Danielle O’Donnol (Imperial). Legendrian Graphs. Friday May 31st, Huxley 140, 1.30-2.30pm.

A Legendrian graph is an embedding of a graph G in a contact 3-mainfold which is everywhere tangent to the contact structure. Central results in contact geometry use Legendrian graphs in their proofs. Together with Elena Pavelescu, I am studying Legendrian graphs in their own right. I will discuss some of our recent results in this area.

There is also a Geometric Analysis day at UCL, starting at 2pm on Friday May 31st.

Paul Johnson (Columbia, Colorado State). The topology of Hilbert schemes of points on orbifolds. Friday June 7th, Huxley 140, 1.30-2.30pm.

The Hilbert scheme of n points on C^2 is a smooth manifold of dimension 2n, with important connections to physics, geometry, representation theory, and combinatorics. One can also study the Hilbert scheme of points on C^2/G, for G a finite group. When G is a subgroup of SL_2, the resulting Hilbert schemes are huge active area of research, but much less is known if G is not. We describe our ongoing work studying the topology of these varieties when G is not a subgroup of SL_2.

No seminar on Friday June 14th

Claire Voisin (Centre de mathématiques Laurent Schwartz, Jussieu). Rational equivalence of zero cycles on K3 surfaces. Friday June 21st, Huxley 213 (Clore LT), 1.30-2.30pm.

We know since Mumford that the group of 0-cycles on a projective complex surface with a nonzero holomorphic 2-form is very big. We will show however that in the case of a K3 surface, there is some nice structure in this group, as discovered by successive work of Beauville-Voisin, Huybrechts, O’Grady and myself.

Mark Gross (University California, San Diego). Mirror symmetry and cluster algebras.
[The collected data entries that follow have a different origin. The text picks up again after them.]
lemma avg_prod_mixture_ge:
  fixes q :: "nat \<Rightarrow> nat \<Rightarrow> real" and m t :: nat
  assumes t: "0 < t" and q: "\<And>i x. 0 \<le> q i x"
  defines "Q \<equiv> \<lambda>i. (\<Sum>x<t. q i x) / real t"
  defines "P \<equiv> (\<Prod>i<m. Q i)"
  shows "P - cube_avg m t (\<lambda>g. (\<Prod>i<m. q i (g i)) * ln ((\<Prod>i<m. q i (g i)) / P))
       \<le> (\<Sum>\<alpha><t. \<Prod>i<m. (q i \<alpha> + Q i) / 2) / real t"
proof (cases "P = 0")
  case True
  then obtain i where i: "i < m" "Q i = 0" unfolding P_def by auto
  hence "q i x = 0" if "x < t" for x
    using that q t unfolding Q_def by (simp add: sum_nonneg_eq_0_iff)
  hence "(\<Prod>i<m. q i (g i)) = 0" if "g \<in> PiE {..<m} (\<lambda>_. {..<t})" for g
    using that i by (intro prod_zero) (auto intro!: bexI[of _ i])
  hence "cube_avg m t (\<lambda>g. (\<Prod>i<m. q i (g i)) * ln ((\<Prod>i<m. q i (g i)) / P)) = cube_avg m t (\<lambda>g. 0)"
    by (intro cube_avg_cong) simp
  moreover have "0 \<le> (\<Sum>\<alpha><t. \<Prod>i<m. (q i \<alpha> + Q i) / 2) / real t"
    using q unfolding Q_def by (intro divide_nonneg_nonneg sum_nonneg prod_nonneg) (auto simp: sum_nonneg)
  ultimately show ?thesis using True by (simp add: cube_avg_def)
next
  case False
  have "Q i \<noteq> 0" if "i < m" for i
    using False that unfolding P_def by auto
  moreover have "0 \<le> Q i" for i unfolding Q_def using q by (simp add: sum_nonneg)
  ultimately have Qpos: "0 < Q i" if "i < m" for i using that by (simp add: order_less_le)
  have Ppos: "0 < P" unfolding P_def using Qpos by (intro prod_pos) auto
  define r where "r i x = q i x / Q i" for i x
  have q_eq: "q i x = Q i * r i x" if "i < m" for i x
    using Qpos[OF that] unfolding r_def by simp
  have r: "0 \<le> r i x" for i x unfolding r_def using q \<open>\<And>i. 0 \<le> Q i\<close> by simp
  have avg: "(\<Sum>x<t. r i x) = real t" if "i < m" for i
  proof -
    have "(\<Sum>x<t. r i x) = (\<Sum>x<t. q i x) / Q i" unfolding r_def by (simp add: sum_divide_distrib)
    also have "\<dots> = real t" using Qpos[OF that] t unfolding Q_def by (simp add: field_simps)
    finally show ?thesis .
  qed
  have prod_q: "(\<Prod>i<m. q i (g i)) = P * (\<Prod>i<m. r i (g i))" for g
    unfolding P_def by (simp add: q_eq prod.distrib)
  have mixture: "(\<Prod>i<m. (q i \<alpha> + Q i) / 2) = P * (\<Prod>i<m. (1 + r i \<alpha>) / 2)" for \<alpha>
  proof -
    have "(\<Prod>i<m. (q i \<alpha> + Q i) / 2) = (\<Prod>i<m. Q i * ((1 + r i \<alpha>) / 2))"
      using q_eq by (intro prod.cong) (auto simp: field_simps)
    also have "\<dots> = P * (\<Prod>i<m. (1 + r i \<alpha>) / 2)" unfolding P_def by (rule prod.distrib)
    finally show ?thesis .
  qed
  have "P - cube_avg m t (\<lambda>g. (\<Prod>i<m. q i (g i)) * ln ((\<Prod>i<m. q i (g i)) / P))
      = P * (1 - (\<Sum>i<m. (\<Sum>x<t. r i x * ln (r i x)) / real t))"
    using Ppos by (simp add: prod_q mult.assoc cube_avg_cmult cube_avg_prod_mult_ln[OF t avg]
        right_diff_distrib)
  also have "\<dots> \<le> P * ((\<Sum>\<alpha><t. \<Prod>i<m. (1 + r i \<alpha>) / 2) / real t)"
    using Ppos by (intro mult_left_mono avg_prod_half_one_plus_ge[OF t r avg]) auto
  also have "\<dots> = (\<Sum>\<alpha><t. \<Prod>i<m. (q i \<alpha> + Q i) / 2) / real t"
    by (simp add: mixture sum_distrib_left)
  finally show ?thesis .
qed

section \<open>Mutual information as a sum over outcomes\<close>

lemma pmf_bind_map_Pair:
  "pmf (p \<bind> (\<lambda>x. map_pmf (Pair x) (K x))) (a, b) = pmf p a * pmf (K a) b"
proof -
  have "pmf (map_pmf (Pair x) (K x)) (a, b) = indicator {a} x * pmf (K a) b" for x
  proof (cases "x = a")
    case True
    have "pmf (map_pmf (Pair a) (K a)) (Pair a b) = pmf (K a) b"
      by (rule pmf_map_inj') (auto simp: inj_def)
    thus ?thesis using True by simp
  next
    case False
    thus ?thesis by (subst pmf_map_outside) auto
  qed
  hence "pmf (p \<bind> (\<lambda>x. map_pmf (Pair x) (K x))) (a, b) = measure p {a} * pmf (K a) b"
    by (simp add: pmf_bind)
  thus ?thesis by (simp add: measure_pmf_single)
qed

lemma pmf_swap_bind_map_Pair:
  "pmf (map_pmf prod.swap (p \<bind> (\<lambda>x. map_pmf (Pair x) (K x)))) (b, a) = pmf p a * pmf (K a) b"
proof -
  have "pmf (map_pmf prod.swap (p \<bind> (\<lambda>x. map_pmf (Pair x) (K x)))) (prod.swap (a, b))
      = pmf (p \<bind> (\<lambda>x. map_pmf (Pair x) (K x))) (a, b)"
    by (rule pmf_map_inj') simp
  thus ?thesis by (simp add: pmf_bind_map_Pair)
qed

lemma distributed_map_pmf:
  fixes X :: "'a \<Rightarrow> 'c::countable"
  shows "distributed (measure_pmf J) (count_space UNIV) X (\<lambda>x. ennreal (pmf (map_pmf X J) x))"
  unfolding distributed_def
proof (intro conjI)
  show "distr (measure_pmf J) (count_space UNIV) X
      = density (count_space UNIV) (\<lambda>x. ennreal (pmf (map_pmf X J) x))"
    unfolding map_pmf_rep_eq[symmetric] by (rule measure_pmf_eq_density)
qed auto

lemma mutual_information_bind_map_Pair:
  fixes U :: "'a::countable pmf" and K :: "'a \<Rightarrow> 'b::countable pmf"
  shows "prob_space.mutual_information (measure_pmf (U \<bind> (\<lambda>z. map_pmf (Pair z) (K z)))) 2
           (count_space UNIV) (count_space UNIV) snd fst
       = infsetsum (\<lambda>(\<tau>, z). pmf U z * pmf (K z) \<tau> * log 2 (pmf (K z) \<tau> / pmf (U \<bind> K) \<tau>)) UNIV"
proof -
  define J where "J = U \<bind> (\<lambda>z. map_pmf (Pair z) (K z))"
  have marg_fst: "map_pmf fst J = U"
    by (simp add: J_def map_bind_pmf pmf.map_comp o_def bind_pmf_const bind_return_pmf')
  have marg_snd: "map_pmf snd J = U \<bind> K"
    by (simp add: J_def map_bind_pmf pmf.map_comp o_def)
  have info: "information_space (measure_pmf J) 2" by unfold_locales simp
  have count: "count_space (UNIV :: 'b set) \<Otimes>\<^sub>M count_space (UNIV :: 'a set) = count_space UNIV"
    by (subst pair_measure_countable) auto
  have swap: "(\<lambda>x. (snd x, fst x)) = prod.swap" by auto
  have joint: "distributed (measure_pmf J) (count_space UNIV \<Otimes>\<^sub>M count_space UNIV)
      (\<lambda>x. (snd x, fst x)) (\<lambda>x. ennreal (pmf (map_pmf prod.swap J) x))"
    unfolding count swap by (rule distributed_map_pmf)
  have "prob_space.mutual_information (measure_pmf J) 2 (count_space UNIV) (count_space UNIV) snd fst
      = infsetsum (\<lambda>x. pmf (map_pmf prod.swap J) x *
          log 2 (pmf (map_pmf prod.swap J) x / (pmf (map_pmf snd J) (fst x) * pmf (map_pmf fst J) (snd x)))) UNIV"
    unfolding infsetsum_def count[symmetric]
    by (intro information_space.mutual_information_distr[OF info sigma_finite_measure_count_space
          sigma_finite_measure_count_space distributed_map_pmf _ distributed_map_pmf _ joint])
      auto
  also have "\<dots> = infsetsum (\<lambda>(\<tau>, z). pmf U z * pmf (K z) \<tau> * log 2 (pmf (K z) \<tau> / pmf (U \<bind> K) \<tau>)) UNIV"
    by (intro infsetsum_cong) (auto simp: J_def pmf_swap_bind_map_Pair marg_fst[unfolded J_def]
        marg_snd[unfolded J_def])
  finally show ?thesis unfolding J_def .
qed

lemma measure_pmf_add_compl_ge:
  fixes p q :: "'a pmf" and d :: "'a \<Rightarrow> real"
  assumes d_summable: "Infinite_Set_Sum.abs_summable_on d UNIV" and d_nonneg: "\<And>x. 0 \<le> d x"
    and close: "\<And>x. pmf p x - d x \<le> pmf q x"
  shows "1 - infsetsum d UNIV \<le> measure_pmf.prob p A + measure_pmf.prob q (- A)"
proof -
  define h where "h x = pmf p x - d x" for x
  have h_summable: "Infinite_Set_Sum.abs_summable_on h B" for B
    unfolding h_def
    by (rule abs_summable_on_subset[OF abs_summable_on_diff[OF pmf_abs_summable d_summable] subset_UNIV])
  have "1 - infsetsum d UNIV = infsetsum h UNIV"
    unfolding h_def using d_summable by (simp add: infsetsum_diff pmf_abs_summable infsetsum_pmf_eq_1)
  also have "\<dots> = infsetsum h A + infsetsum h (- A)"
    using h_summable by (subst infsetsum_Un_disjoint[symmetric]) auto
  also have "\<dots> \<le> infsetsum (pmf p) A + infsetsum (pmf q) (- A)"
    using d_nonneg close
    by (intro add_mono infsetsum_mono h_summable pmf_abs_summable) (auto simp: h_def)
  finally show ?thesis by (simp add: measure_pmf_conv_infsetsum)
qed

definition info_contribution :: "'a pmf \<Rightarrow> ('a \<Rightarrow> 'b pmf) \<Rightarrow> 'b \<Rightarrow> real" where
  "info_contribution U K \<tau> =
     measure_pmf.expectation U (\<lambda>z. pmf (K z) \<tau> * ln (pmf (K z) \<tau> / pmf (U \<bind> K) \<tau>))"

context
  fixes U :: "'a::countable pmf" and K :: "'a \<Rightarrow> 'b::countable pmf"
  assumes fin: "finite (set_pmf U)"
begin

lemma pmf_bind_eq_sum: "pmf (U \<bind> K) \<tau> = (\<Sum>z\<in>set_pmf U. pmf U z * pmf (K z) \<tau>)"
  unfolding pmf_bind using fin by (subst integral_measure_pmf[of "set_pmf U"]) auto

lemma info_contribution_eq_sum:
  "info_contribution U K \<tau>
     = (\<Sum>z\<in>set_pmf U. pmf U z * pmf (K z) \<tau> * ln (pmf (K z) \<tau> / pmf (U \<bind> K) \<tau>))"
  unfolding info_contribution_def using fin
  by (subst integral_measure_pmf[of "set_pmf U"]) (auto simp: mult.assoc)

lemma info_contribution_nonneg: "0 \<le> info_contribution U K \<tau>"
proof -
  define P where "P = pmf (U \<bind> K) \<tau>"
  have "(\<Sum>z\<in>set_pmf U. pmf U z * pmf (K z) \<tau> - pmf U z * P)
      \<le> (\<Sum>z\<in>set_pmf U. pmf U z * pmf (K z) \<tau> * ln (pmf (K z) \<tau> / P))"
  proof (intro sum_mono)
    fix z assume z: "z \<in> set_pmf U"
    show "pmf U z * pmf (K z) \<tau> - pmf U z * P \<le> pmf U z * pmf (K z) \<tau> * ln (pmf (K z) \<tau> / P)"
    proof (cases "pmf (K z) \<tau> = 0")
      case True
      thus ?thesis by (simp add: P_def)
    next
      case False
      have "pmf U z * pmf (K z) \<tau> \<le> P"
        unfolding P_def pmf_bind_eq_sum using fin z by (intro member_le_sum) auto
      moreover have "0 < pmf U z * pmf (K z) \<tau>"
        using False pmf_positive[OF z] by (simp add: order_less_le)
      ultimately have "0 < P" by linarith
      hence "pmf U z * (pmf (K z) \<tau> - P) \<le> pmf U z * (pmf (K z) \<tau> * ln (pmf (K z) \<tau> / P))"
        using False by (intro mult_left_mono mult_ln_div_ge) (auto simp: order_less_le)
      thus ?thesis by (simp add: algebra_simps)
    qed
  qed
  moreover have "(\<Sum>z\<in>set_pmf U. pmf U z * pmf (K z) \<tau> - pmf U z * P) = 0"
    using fin by (simp add: sum_subtractf P_def pmf_bind_eq_sum[symmetric] sum_distrib_right[symmetric]
        sum_pmf_eq_1)
  ultimately show ?thesis by (simp add: info_contribution_eq_sum P_def)
qed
Friday July 5, Huxley 140, 1.30-2.30pm.

Mirror symmetry is a subject which originated in string theory in 1990, and has since developed mathematically in many different directions. Roughly put, mirror symmetry gives a correspondence between different algebraic varieties, in which certain calculations on one variety (usually involving counting curves) coincides with a different type of calculation on the other (usually computing integrals of certain forms). Joint work with Bernd Siebert over the last 10 years has explored the underlying geometry of mirror symmetry, and the structures that have emerged in this work can now be applied to diverse situation.

In this talk I will discuss joint ongoing work with Keel, Kontsevich and Hacking. I will make a connection between structures called scattering diagrams, or wall-crossing structures, which emerged in the study of mirror symmetry, and cluster algebras of Fomin and Zelevinsky, which were developed to model aspects of canonical bases of Lusztig and Kashiwara. In particular, a construction of an analogue of theta functions, motivated by the homological mirror symmetry conjecture, allows the construction of canonical bases of cluster algebras in many cases, as well as the proof of a number of conjectures concerning cluster algebras.